Вскочила она к барыне на колени, обнимает, и прижимается к ней, и в глаза ей глядит – ждет слова, от нее заветного, а барыня ей в ответ:
– Умные дети, мой дружочек, никогда не плачут.
– А бывает же скучно, мама, и умным, бывает чего-то больно, будто и скучно…
А барыня:
– Умные дети, дружочек мой, всегда веселы.

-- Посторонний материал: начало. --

(* Let $a$ be a complex number of modulus one and let $H$ be a $6\times 6$ complex Hadamard matrix all of whose entries lie in $\{1,a,-a\}$. Then $H$ is complex equivalent to $$H^{(1)}=\begin{bmatrix} i&1&1&1&1&1\\ 1&i&1&1&-1&-1\\ 1&1&i&-1&1&-1\\ 1&1&-1&i&-1&1\\ 1&-1&1&-1&i&1\\ 1&-1&-1&1&1&i \end{bmatrix}.$$
   Context: A complex Hadamard matrix (CHM) of order $n$ is an $n\times n$ complex matrix $H$ all of whose entries have modulus one and which satisfies $HH^\dagger=nI$. A monomial unitary matrix is a unitary matrix each of whose rows and columns has exactly one nonzero entry, that entry having modulus one. Two $n\times n$ matrices $U,V$ are complex equivalent if $U=PVQ$ for some $n\times n$ monomial unitary matrices $P,Q$. *)

theory Defs
  imports "HOL-Analysis.Analysis"
begin

definition conj_transpose :: "complex^'n^'m \<Rightarrow> complex^'m^'n" where
  "conj_transpose A = (\<chi> i j. cnj (A $ j $ i))"

definition complex_hadamard :: "complex^'n^'n \<Rightarrow> bool" where
  "complex_hadamard H \<longleftrightarrow>
     (\<forall>i j. norm (H $ i $ j) = 1) \<and>
     H ** conj_transpose H = of_nat CARD('n) *\<^sub>R mat 1"

definition monomial_unitary :: "complex^'n^'n \<Rightarrow> bool" where
  "monomial_unitary P \<longleftrightarrow>
     (\<forall>i. \<exists>!j. P $ i $ j \<noteq> 0) \<and>
     (\<forall>j. \<exists>!i. P $ i $ j \<noteq> 0) \<and>
     (\<forall>i j. P $ i $ j \<noteq> 0 \<longrightarrow> norm (P $ i $ j) = 1)"

definition complex_equivalent :: "complex^'n^'n \<Rightarrow> complex^'n^'n \<Rightarrow> bool" where
  "complex_equivalent U V \<longleftrightarrow>
     (\<exists>P Q. monomial_unitary P \<and> monomial_unitary Q \<and> U = P ** V ** Q)"

definition H1_list :: "complex list list" where
  "H1_list =
    [[\<i>, 1, 1, 1, 1, 1],
     [1, \<i>, 1, 1, -1, -1],
     [1, 1, \<i>, -1, 1, -1],
     [1, 1, -1, \<i>, -1, 1],
     [1, -1, 1, -1, \<i>, 1],
     [1, -1, -1, 1, 1, \<i>]]"

definition H1 :: "complex^6^6" where
  "H1 = (\<chi> i j. H1_list ! (nat (Rep_bit0 i)) ! (nat (Rep_bit0 j)))"

end

theory Submission
  imports Defs
begin

text \<open>
  Encode the entries \<open>1, a, -a\<close> by letters. For real \<open>a\<close> the matrix would be a real Hadamard
  matrix of order 6, impossible since 4 does not divide 6. Otherwise the inner product of two rows
  (or columns) is \<open>A + a B + cnj a C\<close> with integers determined by the letter patterns, so
  orthogonality gives \<open>B = C\<close> and \<open>A + 2 Re a B = 0\<close>; together with \<open>\<bar>A\<bar> + 2\<bar>B\<bar> \<le> 6\<close> and
  \<open>A\<close> even this forces \<open>A = -B\<close> if \<open>Re a = 1/2\<close>, \<open>A = 0\<close> if \<open>Re a = 0\<close>, and \<open>A = B = C = 0\<close>
  unless \<open>Re a \<in> {0, \<plusminus>1/2}\<close>. Replacing \<open>a\<close> by \<open>-a\<close> we may assume \<open>Re a > 0\<close> or \<open>a = \<i>\<close>.
  Permuting rows and columns into lexicographic normal form, an exhaustive search shows that no
  pattern satisfies \<open>A = -B\<close> for all pairs (which also rules out \<open>A = B = C = 0\<close>), so \<open>a = \<i>\<close>;
  the search then leaves twenty patterns with \<open>A = 0\<close>, each of which is matched with \<open>H1\<close>
  by explicit permutations and unimodular scalings.
\<close>

definition enum6 :: "6 list" where
  "enum6 = [0, 1, 2, 3, 4, 5]"

definition index6 :: "6 \<Rightarrow> nat" where
  "index6 u = nat (Rep_bit0 u)"

lemma map_Rep_bit0_enum6: "map Rep_bit0 enum6 = [0, 1, 2, 3, 4, 5]"
  by (simp add: enum6_def bit0.Rep_numeral bit0.Rep_0 bit0.Rep_1)

lemma length_enum6 [simp]: "length enum6 = 6"
  by (simp add: enum6_def)

lemma distinct_enum6: "distinct enum6"
proof -
  have "distinct (map Rep_bit0 enum6)"
    by (simp add: map_Rep_bit0_enum6)
  then show ?thesis
    by (simp add: distinct_map)
qed

lemma set_enum6: "set enum6 = UNIV"
proof -
  have "card (set enum6) = CARD(6)"
    using distinct_enum6 by (simp add: distinct_card)
  then show ?thesis
    by (simp add: card_eq_UNIV_imp_eq_UNIV)
qed

lemma index6_enum6 [simp]: "k < 6 \<Longrightarrow> index6 (enum6 ! k) = k"
proof -
  assume k: "k < 6"
  then have "Rep_bit0 (enum6 ! k) = [0, 1, 2, 3, 4, 5] ! k"
    by (metis length_enum6 map_Rep_bit0_enum6 nth_map)
  with k show ?thesis
    by (auto simp: index6_def less_Suc_eq numeral_eq_Suc)
qed

lemma enum6_cases:
  obtains k where "k < 6" "u = enum6 ! k"
  by (metis UNIV_I in_set_conv_nth length_enum6 set_enum6)

lemma index6_less: "index6 u < 6"
  by (metis enum6_cases index6_enum6)

lemma enum6_index6 [simp]: "enum6 ! index6 u = u"
  by (metis enum6_cases index6_enum6)

lemma enum6_eq_iff: "k < 6 \<Longrightarrow> l < 6 \<Longrightarrow> enum6 ! k = enum6 ! l \<longleftrightarrow> k = l"
  by (metis index6_enum6)

lemma sum_UNIV_6: "(\<Sum>u\<in>UNIV. f u) = sum_list (map f enum6)"
  by (metis distinct_enum6 set_enum6 sum_list_distinct_conv_sum_set)

lemma H1_index6: "H1 $ u $ v = H1_list ! index6 u ! index6 v"
  by (simp add: H1_def index6_def)

section \<open>Orthogonality in complex Hadamard matrices\<close>

lemma complex_hadamard_rows_orthogonal:
  assumes "complex_hadamard (H :: complex^'n^'n)" "u \<noteq> v"
  shows "(\<Sum>j\<in>UNIV. H $ u $ j * cnj (H $ v $ j)) = 0"
proof -
  have "(H ** conj_transpose H) $ u $ v = (of_nat CARD('n) *\<^sub>R mat 1 :: complex^'n^'n) $ u $ v"
    using assms(1) by (simp add: complex_hadamard_def)
  with assms(2) show ?thesis
    by (simp add: matrix_matrix_mult_def conj_transpose_def mat_def)
qed

lemma complex_hadamard_columns_orthogonal:
  assumes "complex_hadamard (H :: complex^'n^'n)" "u \<noteq> v"
  shows "(\<Sum>i\<in>UNIV. H $ i $ u * cnj (H $ i $ v)) = 0"
proof -
  define c where "c = real CARD('n)"
  have c: "c \<noteq> 0"
    by (simp add: c_def)
  have "H ** ((1 / c) *\<^sub>R conj_transpose H) = (1 / c) *\<^sub>R (H ** conj_transpose H)"
    by (metis matrix_scalar_ac scalar_matrix_assoc)
  also have "\<dots> = mat 1"
    using assms(1) c by (simp add: complex_hadamard_def c_def)
  finally have "((1 / c) *\<^sub>R conj_transpose H) ** H = mat 1"
    using matrix_left_right_inverse by blast
  then have "(((1 / c) *\<^sub>R conj_transpose H) ** H) $ v $ u = 0"
    using assms(2) by (simp add: mat_def)
  then have "(1 / c) *\<^sub>R (\<Sum>i\<in>UNIV. cnj (H $ i $ v) * H $ i $ u) = 0"
    by (simp add: matrix_matrix_mult_def conj_transpose_def scaleR_sum_right)
  with c show ?thesis
    by (simp add: mult.commute)
qed

text \<open>The classical three-row argument: for rows \<open>x, y, z\<close> with entries \<open>\<plusminus>1\<close> the numbers
  \<open>(1 + x\<^sub>j y\<^sub>j)(1 + x\<^sub>j z\<^sub>j)\<close> are \<open>0\<close> or \<open>4\<close>, and by orthogonality they sum to the order.\<close>

lemma real_hadamard_order_dvd:
  fixes H :: "complex^'n^'n"
  assumes hadamard: "complex_hadamard H" and entries: "\<forall>i j. H $ i $ j \<in> {1, -1}"
    and order: "CARD('n) \<ge> 3"
  shows "4 dvd CARD('n)"
proof -
  obtain S :: "'n set" where "card S = 3"
    using obtain_subset_with_card_n[OF order] by blast
  then obtain x y z :: 'n where xyz: "x \<noteq> y" "x \<noteq> z" "y \<noteq> z"
    unfolding card_3_iff by blast
  have real: "cnj (H $ i $ j) = H $ i $ j" for i j
    using entries by (metis Reals_cnj_iff Reals_1 Reals_minus insert_iff singletonD)
  have orth: "(\<Sum>j\<in>UNIV. H $ u $ j * H $ v $ j) = 0" if "u \<noteq> v" for u v
    using complex_hadamard_rows_orthogonal[OF hadamard that] by (simp add: real)
  define g where
    "g j = (if H $ x $ j * H $ y $ j = 1 \<and> H $ x $ j * H $ z $ j = 1 then 4 else 0 :: nat)" for j
  have g_eq: "of_nat (g j) = 1 + H $ x $ j * H $ y $ j + H $ x $ j * H $ z $ j + H $ y $ j * H $ z $ j"
    for j
    using entries[rule_format, of x j] entries[rule_format, of y j] entries[rule_format, of z j]
    by (auto simp: g_def)
  have "(of_nat (\<Sum>j\<in>UNIV. g j) :: complex) = of_nat CARD('n)"
    using orth[OF xyz(1)] orth[OF xyz(2)] orth[OF xyz(3)]
    by (simp add: g_eq sum.distrib)
  then have "(\<Sum>j\<in>UNIV. g j) = CARD('n)"
    using of_nat_eq_iff by blast
  moreover have "4 dvd (\<Sum>j\<in>UNIV. g j)"
    by (rule dvd_sum) (simp add: g_def)
  ultimately show ?thesis
    by simp
qed

section \<open>Letter patterns\<close>

datatype letter = Z | P | N

instantiation letter :: linorder
begin

fun less_eq_letter :: "letter \<Rightarrow> letter \<Rightarrow> bool" where
  "less_eq_letter Z y \<longleftrightarrow> True"
| "less_eq_letter P y \<longleftrightarrow> y \<noteq> Z"
| "less_eq_letter N y \<longleftrightarrow> y = N"

definition less_letter :: "letter \<Rightarrow> letter \<Rightarrow> bool" where
  "less_letter x y \<longleftrightarrow> x \<le> y \<and> \<not> y \<le> x"

instance
proof
  fix x y z :: letter
  show "x \<le> x" by (cases x) simp_all
  show "x \<le> y \<Longrightarrow> y \<le> z \<Longrightarrow> x \<le> z" by (cases x; cases y; cases z) simp_all
  show "x \<le> y \<Longrightarrow> y \<le> x \<Longrightarrow> x = y" by (cases x; cases y) simp_all
  show "x \<le> y \<or> y \<le> x" by (cases x; cases y) simp_all
qed (simp add: less_letter_def)

end

definition letter_val :: "complex \<Rightarrow> letter \<Rightarrow> complex" where
  "letter_val a x = (case x of Z \<Rightarrow> 1 | P \<Rightarrow> a | N \<Rightarrow> -a)"

definition letter_of :: "complex \<Rightarrow> complex \<Rightarrow> letter" where
  "letter_of a z = (if z = 1 then Z else if z = a then P else N)"

lemma letter_val_simps [simp]: "letter_val a Z = 1" "letter_val a P = a" "letter_val a N = -a"
  by (simp_all add: letter_val_def)

lemma letter_val_of: "z \<in> {1, a, -a} \<Longrightarrow> a \<noteq> 1 \<Longrightarrow> letter_val a (letter_of a z) = z"
  by (auto simp: letter_of_def)

fun letter_sign :: "letter \<Rightarrow> int" where
  "letter_sign N = -1"
| "letter_sign _ = 1"

text \<open>For \<open>norm a = 1\<close> the inner product of two words is \<open>A + a B + cnj a C\<close>:
  positions with both or neither letter \<open>Z\<close> contribute \<open>\<plusminus>1\<close> to \<open>A\<close>, the others \<open>\<plusminus>a\<close> to \<open>B\<close>
  or \<open>\<plusminus>cnj a\<close> to \<open>C\<close>.\<close>

fun inner_coeffs :: "letter list \<Rightarrow> letter list \<Rightarrow> int \<times> int \<times> int" where
  "inner_coeffs (x # xs) (y # ys) = (case inner_coeffs xs ys of (A, B, C) \<Rightarrow>
      if (x = Z) = (y = Z) then (A + letter_sign x * letter_sign y, B, C)
      else if y = Z then (A, B + letter_sign x, C)
      else (A, B, C + letter_sign y))"
| "inner_coeffs _ _ = (0, 0, 0)"

lemma inner_product_letter_val:
  assumes "length xs = length ys" and unit: "a * cnj a = 1"
  shows "(\<Sum>(x, y)\<leftarrow>zip xs ys. letter_val a x * cnj (letter_val a y))
     = (case inner_coeffs xs ys of (A, B, C) \<Rightarrow> of_int A + a * of_int B + cnj a * of_int C)"
  using assms(1)
proof (induction xs ys rule: list_induct2)
  case (Cons x xs y ys)
  obtain A B C where "inner_coeffs xs ys = (A, B, C)"
    by (cases "inner_coeffs xs ys")
  moreover have "cnj a * a = 1"
    using unit by (simp add: mult.commute)
  ultimately show ?case
    using Cons.IH unit
    by (cases x; cases y) (simp_all add: algebra_simps)
qed simp

lemma unit_step_bound:
  fixes A B C n d :: int
  assumes "\<bar>A\<bar> + \<bar>B\<bar> + \<bar>C\<bar> \<le> n" "even (A + B + C + n)" "\<bar>d\<bar> = 1"
  shows "\<bar>A + d\<bar> + \<bar>B\<bar> + \<bar>C\<bar> \<le> n + 1" "even (A + d + B + C + (n + 1))"
proof -
  have "d = 1 \<or> d = -1"
    using assms(3) by linarith
  then show "\<bar>A + d\<bar> + \<bar>B\<bar> + \<bar>C\<bar> \<le> n + 1" "even (A + d + B + C + (n + 1))"
    using assms(1,2) by auto
qed
lemma norm_orthonormal_series_le:
  assumes "orthonormal_on UNIV e" "(\<lambda>j. c j *\<^sub>R e j) sums x"
    and "0 \<le> L" "\<And>j. \<bar>c j\<bar> \<le> L * \<bar>e j \<bullet> u\<bar>"
  shows "norm x \<le> L * norm u"
proof -
  have partial_le: "norm (\<Sum>j<n. c j *\<^sub>R e j) \<le> L * norm u" for n
  proof -
    have "(norm (\<Sum>j<n. c j *\<^sub>R e j))\<^sup>2 = (\<Sum>j<n. (c j)\<^sup>2)"
      using assms(1) by (rule norm_sum_orthonormal) auto
    also have "\<dots> \<le> (\<Sum>j<n. L\<^sup>2 * (e j \<bullet> u)\<^sup>2)"
      using assms(4)
      by (intro sum_mono) (metis abs_ge_zero power2_abs power_mono power_mult_distrib)
    also have "\<dots> \<le> L\<^sup>2 * (norm u)\<^sup>2"
      using bessel_inequality[OF assms(1), of "{..<n}" u]
      by (simp add: sum_distrib_left[symmetric] mult_left_mono)
    finally show ?thesis
      using assms(3) by (simp add: power2_le_iff_abs_le power_mult_distrib[symmetric])
  qed
  have "(\<lambda>n. norm (\<Sum>j<n. c j *\<^sub>R e j)) \<longlonglongrightarrow> norm x"
    using assms(2) unfolding sums_def by (rule tendsto_norm)
  then show ?thesis
    using LIMSEQ_le_const2 partial_le by blast
qed

lemma orth_proj_eqI:
  assumes "subspace V" "p \<in> V" "\<And>v. v \<in> V \<Longrightarrow> (x - p) \<bullet> v = 0"
  shows "orth_proj V x = p"
  unfolding orth_proj_def
proof (rule the_equality)
  show "p \<in> V \<and> (\<forall>v\<in>V. (x - p) \<bullet> v = 0)"
    using assms(2,3) by blast
next
  fix q
  assume q: "q \<in> V \<and> (\<forall>v\<in>V. (x - q) \<bullet> v = 0)"
  then have "p - q \<in> V"
    using assms(1,2) by (simp add: subspace_diff)
  then have "(p - q) \<bullet> (p - q) = 0"
    using q assms(3)[of "p - q"] by (simp add: inner_diff_left)
  then show "q = p" by simp
qed

lemma orth_proj_span_orthonormal:
  assumes "orthonormal_on A e" "finite A"
  shows "orth_proj (span (e ` A)) x = (\<Sum>k\<in>A. (e k \<bullet> x) *\<^sub>R e k)"
proof (rule orth_proj_eqI)
  show "(\<Sum>k\<in>A. (e k \<bullet> x) *\<^sub>R e k) \<in> span (e ` A)"
    by (intro span_sum span_mul span_base imageI)
  have "(x - (\<Sum>k\<in>A. (e k \<bullet> x) *\<^sub>R e k)) \<bullet> e i = 0" if "i \<in> A" for i
    using inner_sum_orthonormal[OF assms order_refl that, of "\<lambda>k. e k \<bullet> x"] that
    by (metis inner_commute inner_diff_right right_minus_eq)
  then show "(x - (\<Sum>k\<in>A. (e k \<bullet> x) *\<^sub>R e k)) \<bullet> v = 0" if "v \<in> span (e ` A)" for v
    using orthogonal_to_span[OF that] unfolding orthogonal_def by blast
qed simp
theorem proposition4p15:
  fixes m r :: nat and S :: "nat set"
  assumes "m > 1" and "r > 2" and "S \<in> MA m r"
  shows "int (card (children_MA m r S)) = (frobenius S - int (maxgen S)) div int m + 1"
proof -
  have S: "numerical_semigroup S" and "MANS S" and m: "mult S = m"
    using assms(3) by (simp_all add: MA_def)
  then interpret mans_semigroup S
    using assms(1) by unfold_locales simp_all
  have "inj_on (add_generator S) {x. x \<notin> S \<and> maxgen S < x \<and> MANS (add_generator S x)}"
    by (rule inj_onI) (metis (no_types, lifting) maxgen_add_generator[OF S] mem_Collect_eq)
  then show ?thesis
    using card_child_generators children_MA_eq[OF assms(1,3)] m by (simp add: card_image)
qed

end
(* Let $X \subseteq \mathbb{P}^r$ be a projective variety of dimension $n$ over $\mathbb{C}$, and $p \in X$ a closed point. Suppose $m$ is a positive integer such that $\mathfrak{m}_{X,p}^m \subseteq J$ for every minimal reduction $J$ of $\mathfrak{m}_{X,p}$. If $L\subseteq\mathbb{P}^r$ is a reduction linear subspace at $(X,p)$, then $ll(\mathcal{O}_{X\cap L,p}) \leq m-1$.
   Context: For an Artinian local ring $(A,\mathfrak{m})$, the Loewy length is $ll(A):=\max\{i\mid \mathfrak{m}^i\neq 0\}$ (with $ll(A)=0$ if $A$ is a field). For a Noetherian local ring $(R,\mathfrak{m})$, an ideal $J\subseteq\mathfrak{m}$ is a reduction of $\mathfrak{m}$ if $\mathfrak{m}^{k+1}=J\mathfrak{m}^k$ for some $k\geq 0$; a minimal reduction is a reduction minimal with respect to inclusion. For $p\in X$ and a linear subspace $L\subseteq\mathbb{P}^r$ through $p$ cut out by linear forms $l_1,\dots,l_k$, let $\bar l_i\in\mathfrak{m}_{X,p}$ be their images (via $\mathfrak{m}_{X,p}=\mathfrak{m}_{\mathbb{P}^r,p}/I_{X,p}$); $L$ is a reduction linear subspace at $(X,p)$ if $(\bar l_1,\dots,\bar l_k)$ is a reduction of $\mathfrak{m}_{X,p}$. $X\cap L$ is the scheme-theoretic intersection. *)

theory Defs
  imports Complex_Main "HOL-Library.Poly_Mapping" "HOL-Algebra.Ideal_Product"
begin

type_synonym mpoly = "(nat \<Rightarrow>\<^sub>0 nat) \<Rightarrow>\<^sub>0 complex"

definition mon_deg :: "(nat \<Rightarrow>\<^sub>0 nat) \<Rightarrow> nat" where
  "mon_deg a = (\<Sum>i\<in>Poly_Mapping.keys a. Poly_Mapping.lookup a i)"

definition mpoly_eval :: "mpoly \<Rightarrow> (nat \<Rightarrow> complex) \<Rightarrow> complex" where
  "mpoly_eval f x = (\<Sum>a\<in>Poly_Mapping.keys f.
      Poly_Mapping.lookup f a * (\<Prod>i\<in>Poly_Mapping.keys a. x i ^ Poly_Mapping.lookup a i))"

text \<open>The polynomial ring S = C[x_0,...,x_r] as a subset of mpoly.\<close>
definition in_S :: "nat \<Rightarrow> mpoly \<Rightarrow> bool" where
  "in_S r f \<longleftrightarrow> (\<forall>a\<in>Poly_Mapping.keys f. Poly_Mapping.keys a \<subseteq> {..r})"

definition homog :: "nat \<Rightarrow> mpoly \<Rightarrow> bool" where
  "homog d f \<longleftrightarrow> (\<forall>a\<in>Poly_Mapping.keys f. mon_deg a = d)"

definition hom_part :: "nat \<Rightarrow> mpoly \<Rightarrow> mpoly" where
  "hom_part d f = (\<Sum>a\<in>{a\<in>Poly_Mapping.keys f. mon_deg a = d}.
                      Poly_Mapping.single a (Poly_Mapping.lookup f a))"

definition Var :: "nat \<Rightarrow> mpoly" where
  "Var i = Poly_Mapping.single (Poly_Mapping.single i 1) 1"

definition S_ideal :: "nat \<Rightarrow> mpoly set \<Rightarrow> bool" where
  "S_ideal r I \<longleftrightarrow> (\<forall>f\<in>I. in_S r f) \<and> 0 \<in> I \<and> (\<forall>f\<in>I. \<forall>g\<in>I. f + g \<in> I)
      \<and> (\<forall>f\<in>I. \<forall>g. in_S r g \<longrightarrow> g * f \<in> I)"
(* Let $q\in\mathbb{R}$ with $q\neq 0$ and let $\hbar\in\mathbb{R}$. Let $\mathcal{H}$ be the unital associative $\mathbb{C}$-algebra generated by $\hat{x},\hat{p},\hat{\Lambda}$ subject to the relations \[ q^{1/2}\hat{x}\hat{p}-q^{-1/2}\hat{p}\hat{x}=i\hbar\hat{\Lambda},\qquad \hat{\Lambda}\hat{x}=q^{-1}\hat{x}\hat{\Lambda},\qquad \hat{\Lambda}\hat{p}=q\hat{p}\hat{\Lambda}. \] Then $\mathcal{H}$ is (via the identity on generators) the iterated Ore extension \[ R=\mathbb{C}[\hat{\Lambda}][\hat{p};\sigma_{\hat{p}},\delta_{\hat{p}}][\hat{x};\sigma_{\hat{x}},\delta_{\hat{x}}] \] whose data are given by \[ \sigma_{\hat{p}}(\hat{\Lambda})=q^{-1}\hat{\Lambda},\quad \delta_{\hat{p}}(\hat{\Lambda})=0,\quad \sigma_{\hat{x}}(\hat{\Lambda})=q\hat{\Lambda},\quad \delta_{\hat{x}}(\hat{\Lambda})=0,\quad \sigma_{\hat{x}}(\hat{p})=q^{-1}\hat{p},\quad \delta_{\hat{x}}(\hat{p})=i\hbar q^{-1/2}\hat{\Lambda}; \] in particular these prescriptions define an automorphism $\sigma_{\hat{p}}$ of $\mathbb{C}[\hat{\Lambda}]$ with $\sigma_{\hat{p}}$-derivation $\delta_{\hat{p}}$, and an automorphism $\sigma_{\hat{x}}$ of $\mathbb{C}[\hat{\Lambda}][\hat{p};\sigma_{\hat{p}},\delta_{\hat{p}}]$ with $\sigma_{\hat{x}}$-derivation $\delta_{\hat{x}}$.
   Context: An Ore extension $A[t;\sigma,\delta]$ of a ring $A$, for a ring endomorphism $\sigma$ of $A$ and a $\sigma$-derivation $\delta$ of $A$ (i.e. $\delta(ab)=\sigma(a)\delta(b)+\delta(a)b$), is the ring of polynomials $\sum a_i t^i$ with multiplication determined by $ta=\sigma(a)t+\delta(a)$ for $a\in A$. The algebra above is the $q$-deformed Heisenberg algebra of Wess (position $\hat{x}$, momentum $\hat{p}$, auxiliary generator $\hat{\Lambda}$). *)

theory Defs
  imports "HOL-Algebra.QuotRing" Complex_Main
begin

definition C_ring :: "complex ring" where
  "C_ring = \<lparr>carrier = UNIV, mult = times, one = 1, zero = 0, add = (+)\<rparr>"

– Ах, боже мой, какая ты, мама! Ну, глупые скучают, плачут – разве уж тебе их совсем и не жалко?
– Глупых детей наказывают, Зиночка, – отозвался барин, взявши себя за подбородок, – и они сейчас умнеют…
– Да Зиночка у нас умница, – говорит барыня, – она никогда у нас не скучает, никогда не плачет. Это какой-то мужичок иногда приходит, под окном у нее плачет, а Зиночка умница.
Поднялись и пошли себе. Выходя, говорит барыня Арине Ивановне:
– Вы напугали меня, Арина Ивановна, я думала бог знает что такое, а вышло пустяки такие, что даже и понять-то трудно.
– Да вы напрасно Игрушечку не изволили допытать…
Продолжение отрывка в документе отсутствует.